INPUT DATA Block Start

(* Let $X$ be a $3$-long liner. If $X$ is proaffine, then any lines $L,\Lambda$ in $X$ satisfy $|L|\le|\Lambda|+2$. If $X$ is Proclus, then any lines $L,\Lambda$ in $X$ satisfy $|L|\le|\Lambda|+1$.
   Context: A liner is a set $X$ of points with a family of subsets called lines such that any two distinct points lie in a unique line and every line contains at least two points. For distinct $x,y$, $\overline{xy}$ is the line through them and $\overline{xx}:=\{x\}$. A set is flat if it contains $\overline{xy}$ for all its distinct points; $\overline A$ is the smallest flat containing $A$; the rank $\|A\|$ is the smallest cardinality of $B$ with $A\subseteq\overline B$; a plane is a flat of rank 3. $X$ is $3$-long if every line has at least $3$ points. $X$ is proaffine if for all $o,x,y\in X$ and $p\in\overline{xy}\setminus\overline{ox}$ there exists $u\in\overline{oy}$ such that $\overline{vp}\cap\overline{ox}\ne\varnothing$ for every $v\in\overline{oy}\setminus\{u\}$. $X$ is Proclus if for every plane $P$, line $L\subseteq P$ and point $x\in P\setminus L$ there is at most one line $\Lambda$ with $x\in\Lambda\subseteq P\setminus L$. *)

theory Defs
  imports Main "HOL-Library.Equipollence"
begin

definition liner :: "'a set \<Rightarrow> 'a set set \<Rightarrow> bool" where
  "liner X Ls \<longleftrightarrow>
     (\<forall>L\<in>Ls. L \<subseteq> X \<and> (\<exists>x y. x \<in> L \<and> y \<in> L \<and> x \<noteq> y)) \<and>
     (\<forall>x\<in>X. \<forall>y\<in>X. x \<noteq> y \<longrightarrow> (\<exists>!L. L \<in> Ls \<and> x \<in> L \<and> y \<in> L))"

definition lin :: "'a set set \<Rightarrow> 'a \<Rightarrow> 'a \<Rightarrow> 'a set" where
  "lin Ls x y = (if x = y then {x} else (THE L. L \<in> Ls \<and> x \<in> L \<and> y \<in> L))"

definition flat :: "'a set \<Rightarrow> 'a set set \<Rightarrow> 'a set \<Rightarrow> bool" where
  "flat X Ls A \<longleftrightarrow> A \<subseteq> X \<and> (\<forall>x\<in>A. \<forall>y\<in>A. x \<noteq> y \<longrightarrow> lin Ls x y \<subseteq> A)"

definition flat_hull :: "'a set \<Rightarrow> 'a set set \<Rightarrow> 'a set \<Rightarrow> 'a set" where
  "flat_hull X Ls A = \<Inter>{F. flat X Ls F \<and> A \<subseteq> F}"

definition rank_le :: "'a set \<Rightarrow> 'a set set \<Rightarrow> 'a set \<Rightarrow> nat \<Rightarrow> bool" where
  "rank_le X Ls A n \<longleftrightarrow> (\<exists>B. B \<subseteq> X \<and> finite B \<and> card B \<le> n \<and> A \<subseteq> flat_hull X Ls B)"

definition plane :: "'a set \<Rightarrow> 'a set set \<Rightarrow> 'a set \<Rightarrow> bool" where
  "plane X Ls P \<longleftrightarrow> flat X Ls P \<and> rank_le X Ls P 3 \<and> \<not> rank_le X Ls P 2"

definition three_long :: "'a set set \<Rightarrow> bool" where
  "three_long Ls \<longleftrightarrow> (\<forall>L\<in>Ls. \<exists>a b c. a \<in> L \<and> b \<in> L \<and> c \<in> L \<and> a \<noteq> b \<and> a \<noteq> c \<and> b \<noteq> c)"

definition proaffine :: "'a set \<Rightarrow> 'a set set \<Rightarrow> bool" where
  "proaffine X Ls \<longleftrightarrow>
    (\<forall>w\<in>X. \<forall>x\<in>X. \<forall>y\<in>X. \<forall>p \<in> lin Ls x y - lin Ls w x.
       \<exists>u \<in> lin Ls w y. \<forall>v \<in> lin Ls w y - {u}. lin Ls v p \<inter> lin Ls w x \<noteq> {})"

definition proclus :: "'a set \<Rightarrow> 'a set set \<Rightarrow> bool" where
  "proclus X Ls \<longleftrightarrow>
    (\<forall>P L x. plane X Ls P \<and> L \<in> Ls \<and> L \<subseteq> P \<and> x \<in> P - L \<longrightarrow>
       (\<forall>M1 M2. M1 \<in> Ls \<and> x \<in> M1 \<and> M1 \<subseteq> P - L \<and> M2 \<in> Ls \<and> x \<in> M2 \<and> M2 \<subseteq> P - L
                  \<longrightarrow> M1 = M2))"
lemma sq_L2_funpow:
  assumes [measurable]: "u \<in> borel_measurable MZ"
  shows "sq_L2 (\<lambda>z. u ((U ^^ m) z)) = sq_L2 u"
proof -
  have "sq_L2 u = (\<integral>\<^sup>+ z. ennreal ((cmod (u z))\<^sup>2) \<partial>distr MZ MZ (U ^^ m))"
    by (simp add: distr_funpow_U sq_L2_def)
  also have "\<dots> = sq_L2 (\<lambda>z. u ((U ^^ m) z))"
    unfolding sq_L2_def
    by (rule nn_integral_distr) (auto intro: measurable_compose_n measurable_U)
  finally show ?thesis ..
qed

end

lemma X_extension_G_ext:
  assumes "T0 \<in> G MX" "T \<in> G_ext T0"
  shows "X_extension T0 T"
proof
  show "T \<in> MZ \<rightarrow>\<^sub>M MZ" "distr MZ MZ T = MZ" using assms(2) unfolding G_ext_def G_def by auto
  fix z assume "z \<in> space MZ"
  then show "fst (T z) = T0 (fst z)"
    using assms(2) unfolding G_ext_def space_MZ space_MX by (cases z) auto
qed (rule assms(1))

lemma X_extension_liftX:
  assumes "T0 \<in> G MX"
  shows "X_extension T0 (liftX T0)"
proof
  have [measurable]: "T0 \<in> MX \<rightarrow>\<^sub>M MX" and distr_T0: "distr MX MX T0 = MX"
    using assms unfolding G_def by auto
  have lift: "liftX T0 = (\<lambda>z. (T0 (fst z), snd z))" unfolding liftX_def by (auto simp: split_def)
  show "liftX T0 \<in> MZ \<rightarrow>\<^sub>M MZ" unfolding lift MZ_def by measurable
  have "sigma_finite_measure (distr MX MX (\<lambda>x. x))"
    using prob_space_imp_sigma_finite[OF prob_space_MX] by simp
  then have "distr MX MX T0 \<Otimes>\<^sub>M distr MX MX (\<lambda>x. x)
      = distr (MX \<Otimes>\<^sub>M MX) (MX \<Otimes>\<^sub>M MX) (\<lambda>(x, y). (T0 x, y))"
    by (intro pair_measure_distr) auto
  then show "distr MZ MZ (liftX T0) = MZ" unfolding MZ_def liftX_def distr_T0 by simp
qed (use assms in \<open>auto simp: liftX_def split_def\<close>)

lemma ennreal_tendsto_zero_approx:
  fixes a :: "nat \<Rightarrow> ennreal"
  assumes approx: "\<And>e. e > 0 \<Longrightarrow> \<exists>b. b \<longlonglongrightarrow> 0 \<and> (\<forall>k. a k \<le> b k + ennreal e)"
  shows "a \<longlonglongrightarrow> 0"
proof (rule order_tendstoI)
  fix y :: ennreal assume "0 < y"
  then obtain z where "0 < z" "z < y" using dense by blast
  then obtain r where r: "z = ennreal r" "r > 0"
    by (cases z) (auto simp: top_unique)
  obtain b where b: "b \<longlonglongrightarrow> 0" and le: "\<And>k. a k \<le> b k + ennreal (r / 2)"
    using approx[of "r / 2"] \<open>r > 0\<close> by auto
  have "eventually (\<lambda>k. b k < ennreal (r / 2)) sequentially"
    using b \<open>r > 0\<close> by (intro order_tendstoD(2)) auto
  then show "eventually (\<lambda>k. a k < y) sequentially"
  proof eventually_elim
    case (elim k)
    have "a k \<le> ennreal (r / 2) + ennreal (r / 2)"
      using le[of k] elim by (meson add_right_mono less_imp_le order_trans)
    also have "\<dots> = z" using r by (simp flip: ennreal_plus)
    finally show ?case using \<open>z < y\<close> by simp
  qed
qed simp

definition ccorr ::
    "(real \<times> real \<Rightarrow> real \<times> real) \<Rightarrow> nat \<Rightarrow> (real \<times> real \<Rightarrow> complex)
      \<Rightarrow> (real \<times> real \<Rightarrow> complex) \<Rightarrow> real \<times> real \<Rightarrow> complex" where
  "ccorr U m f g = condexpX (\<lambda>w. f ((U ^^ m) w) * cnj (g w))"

INPUT DATA Block End

- **EXERCISE PROMPT**
Only the lines above starting with the one with "u = (\<integral>\<^sup>+" and going through the one with "G_ext_def G_def by auto" are to be copied, word for word and with both ends kept.

- **OUTPUT FOR THIS TASK**
  have "sq_L2 u = (\<integral>\<^sup>+ z. ennreal ((cmod (u z))\<^sup>2) \<partial>distr MZ MZ (U ^^ m))"
    by (simp add: distr_funpow_U sq_L2_def)
  also have "\<dots> = sq_L2 (\<lambda>z. u ((U ^^ m) z))"
    unfolding sq_L2_def
    by (rule nn_integral_distr) (auto intro: measurable_compose_n measurable_U)
  finally show ?thesis ..
qed

end

lemma X_extension_G_ext:
  assumes "T0 \<in> G MX" "T \<in> G_ext T0"
  shows "X_extension T0 T"
proof
  show "T \<in> MZ \<rightarrow>\<^sub>M MZ" "distr MZ MZ T = MZ" using assms(2) unfolding G_ext_def G_def by auto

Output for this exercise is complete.